We both thought it'd be alright but somehow, things have changed. Cordial strangers we've become. Naturally, losing a friend hurt. I confided in my other "angels" but I couldn't relate everything. Some things are meant to be kept secret, sacred to the memory of time. Just the other day, you seemed eager to talk again but it smarted when I remembered the loss of a friend. I couldn't face you. Looking at the bewilderment and sting that the snubbing reflected on your face, I immediately felt bad. I'm sorry but if it makes you feel better, I felt hurt too.
...baby, I know the story cos it's written all over your face.
Maybe something moved too fast. Maybe we didn't speak up in time. Maybe it just wasn't meant to be. Before lightning struck, I sensed it in your words and actions already. I was just waiting for it to happen. I saw it coming but could do nothing. Maybe you saw it first, maybe you too felt just as helpless? Were you really that clueless or too ashamed to face me? Don't lie; it only makes the truth seem worse.
...every now and then, you find a special friend.
You were a special friend.
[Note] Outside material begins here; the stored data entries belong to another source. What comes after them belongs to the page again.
definition std_monoms_X :: "nat \<Rightarrow> ('a::field) itself \<Rightarrow> monom set" where
  "std_monoms_X d T = monoms_deg s d - init_monoms d T"

lemma init_monomsI:
  "(f :: ('a::field) mpoly) \<in> vanishing_hom d \<Longrightarrow> f \<noteq> 0 \<Longrightarrow> lead_monom f \<in> init_monoms d TYPE('a)"
  unfolding init_monoms_def by blast

lemma init_monomsE:
  assumes "m \<in> init_monoms d TYPE('a::field)"
  obtains f :: "('a::field) mpoly" where "f \<in> vanishing_hom d" "f \<noteq> 0" "lead_monom f = m"
  using assms unfolding init_monoms_def by blast

lemma finite_std_monoms_X: "finite (std_monoms_X d T)"
  unfolding std_monoms_X_def using finite_monoms_deg by auto

lemma Shom_single_std: "m \<in> std_monoms_X d T \<Longrightarrow> Poly_Mapping.single m c \<in> Shom s d"
  unfolding std_monoms_X_def by (intro Shom_single) simp

lemma vanishing_hom_eq_zero_if_keys_std:
  assumes "(p :: ('a::field) mpoly) \<in> vanishing_hom d" "keys p \<subseteq> std_monoms_X d TYPE('a)"
  shows "p = 0"
proof (rule ccontr)
  assume "p \<noteq> 0"
  then have "lead_monom p \<in> init_monoms d TYPE('a)" "lead_monom p \<in> std_monoms_X d TYPE('a)"
    using init_monomsI[OF assms(1)] lead_monom_in_keys assms(2) by auto
  then show False
    unfolding std_monoms_X_def by simp
qed

text \<open>One division step: the greatest non-standard monomial of f is the leading monomial of some
  element of I(X)_d, and subtracting a multiple of that element removes it.\<close>
lemma reduce_greatest_nonstd:
  fixes f :: "('a::field) mpoly"
  assumes f: "f \<in> Shom s d"
    and m: "m \<in> keys f - std_monoms_X d TYPE('a)"
      "\<forall>m'\<in>keys f - std_monoms_X d TYPE('a). m' \<noteq> m \<longrightarrow> grevlex_less m' m"
  obtains h where "h \<in> vanishing_hom d" "\<forall>x\<in>keys (f - h) - std_monoms_X d TYPE('a). grevlex_less x m"
proof -
  let ?A = "std_monoms_X d TYPE('a)"
  have "m \<in> monoms_deg s d"
    using m(1) f unfolding Shom_iff monoms_deg_def by auto
  then have "m \<in> init_monoms d TYPE('a)"
    using m(1) unfolding std_monoms_X_def by auto
  then obtain g :: "'a mpoly" where g: "g \<in> vanishing_hom d" "g \<noteq> 0" "lead_monom g = m"
    by (rule init_monomsE)
  have gm: "lookup g m \<noteq> 0"
    using lead_monom_in_keys[OF g(2)] g(3) by (simp add: in_keys_iff)
  define h where "h = Poly_Mapping.single 0 (lookup f m / lookup g m) * g"
  have "Poly_Mapping.single 0 (lookup f m / lookup g m) \<in> Shom s 0"
    by (rule Shom_single) (simp add: monoms_deg_def mdeg_def)
  then have h: "h \<in> vanishing_hom d"
    unfolding h_def using vanishing_hom_mult[OF _ g(1)] by fastforce
  have lookup_h: "lookup h x = lookup f m / lookup g m * lookup g x" for x
    unfolding h_def using lookup_monom_mult_add[of 0 _ g x] by simp
  have "grevlex_less x m" if x: "x \<in> keys (f - h) - ?A" for x
  proof -
    have "x \<noteq> m"
      using x gm by (auto simp: in_keys_iff lookup_minus lookup_h)
    moreover have "x \<in> keys f \<or> x \<in> keys g"
      using x by (auto simp: in_keys_iff lookup_minus lookup_h)
    ultimately show ?thesis
      using x m(2) grevlex_less_lead_monom[OF g(2)] g(3) by auto
  qed
  then show ?thesis
    using that h by blast
qed

lemma ex_std_remainder:
  fixes f :: "('a::field) mpoly"
  assumes "f \<in> Shom s d"
  shows "\<exists>g \<in> Shom s d. keys g \<subseteq> std_monoms_X d TYPE('a) \<and> f - g \<in> vanishing_hom d"
  using assms
proof (induction "card {m' \<in> monoms_deg s d. \<exists>x\<in>keys f - std_monoms_X d TYPE('a). m' = x \<or> grevlex_less m' x}"
    arbitrary: f rule: less_induct)
  case less
  let ?A = "std_monoms_X d TYPE('a)"
  let ?D = "\<lambda>f :: 'a mpoly. {m' \<in> monoms_deg s d. \<exists>x\<in>keys f - ?A. m' = x \<or> grevlex_less m' x}"
  show ?case
  proof (cases "keys f \<subseteq> ?A")
    case True
    then show ?thesis
      using less.prems by force
  next
    case False
    then obtain m where m: "m \<in> keys f - ?A" "\<forall>m'\<in>keys f - ?A. m' \<noteq> m \<longrightarrow> grevlex_less m' m"
      using ex_grevlex_greatest[of "keys f - ?A"] by auto
    obtain h where h: "h \<in> vanishing_hom d" "\<forall>x\<in>keys (f - h) - ?A. grevlex_less x m"
      using reduce_greatest_nonstd[OF less.prems m] by blast
    have fh: "f - h \<in> Shom s d"
      using Shom_diff[OF less.prems] h(1) unfolding vanishing_hom_def by simp
    have m_deg: "m \<in> monoms_deg s d"
      using m(1) less.prems unfolding Shom_iff monoms_deg_def by auto
    let ?below = "{m' \<in> monoms_deg s d. grevlex_less m' m}"
    have fin: "finite (?D f)"
      by (rule finite_subset[OF _ finite_monoms_deg]) blast
    have below: "?below \<subset> ?D f"
      using m(1) m_deg grevlex_less_irrefl by blast
    have "?D (f - h) \<subseteq> ?below"
      using h(2) grevlex_less_trans by blast
    then have "card (?D (f - h)) \<le> card ?below"
      using finite_subset[OF psubset_imp_subset[OF below] fin] by (rule card_mono[rotated])
    also have "\<dots> < card (?D f)"
      by (rule psubset_card_mono[OF fin below])
    finally have "card (?D (f - h)) < card (?D f)" .
    then obtain g where g: "g \<in> Shom s d" "keys g \<subseteq> ?A" "f - h - g \<in> vanishing_hom d"
      using less.hyps[OF _ fh] by blast
    have "f - g = (f - h - g) + h"
      by simp
    then show ?thesis
      using g vanishing_hom_add[OF g(3) h(1)] by metis
  qed
qed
You watched me through tears and smiles, laughter and sorrow. Thank you for the time you've sacrificed, for the friendship you've shared. It has helped me through certain stormy patches; I hope I've done the same for you. A friend is always a friend and if you ever need me, I’ll be here.
...I'll make a wish for you, and hope it will come true.
p.s: we've both grown up and are moving in different directions but sometimes, reliving memories feel so right.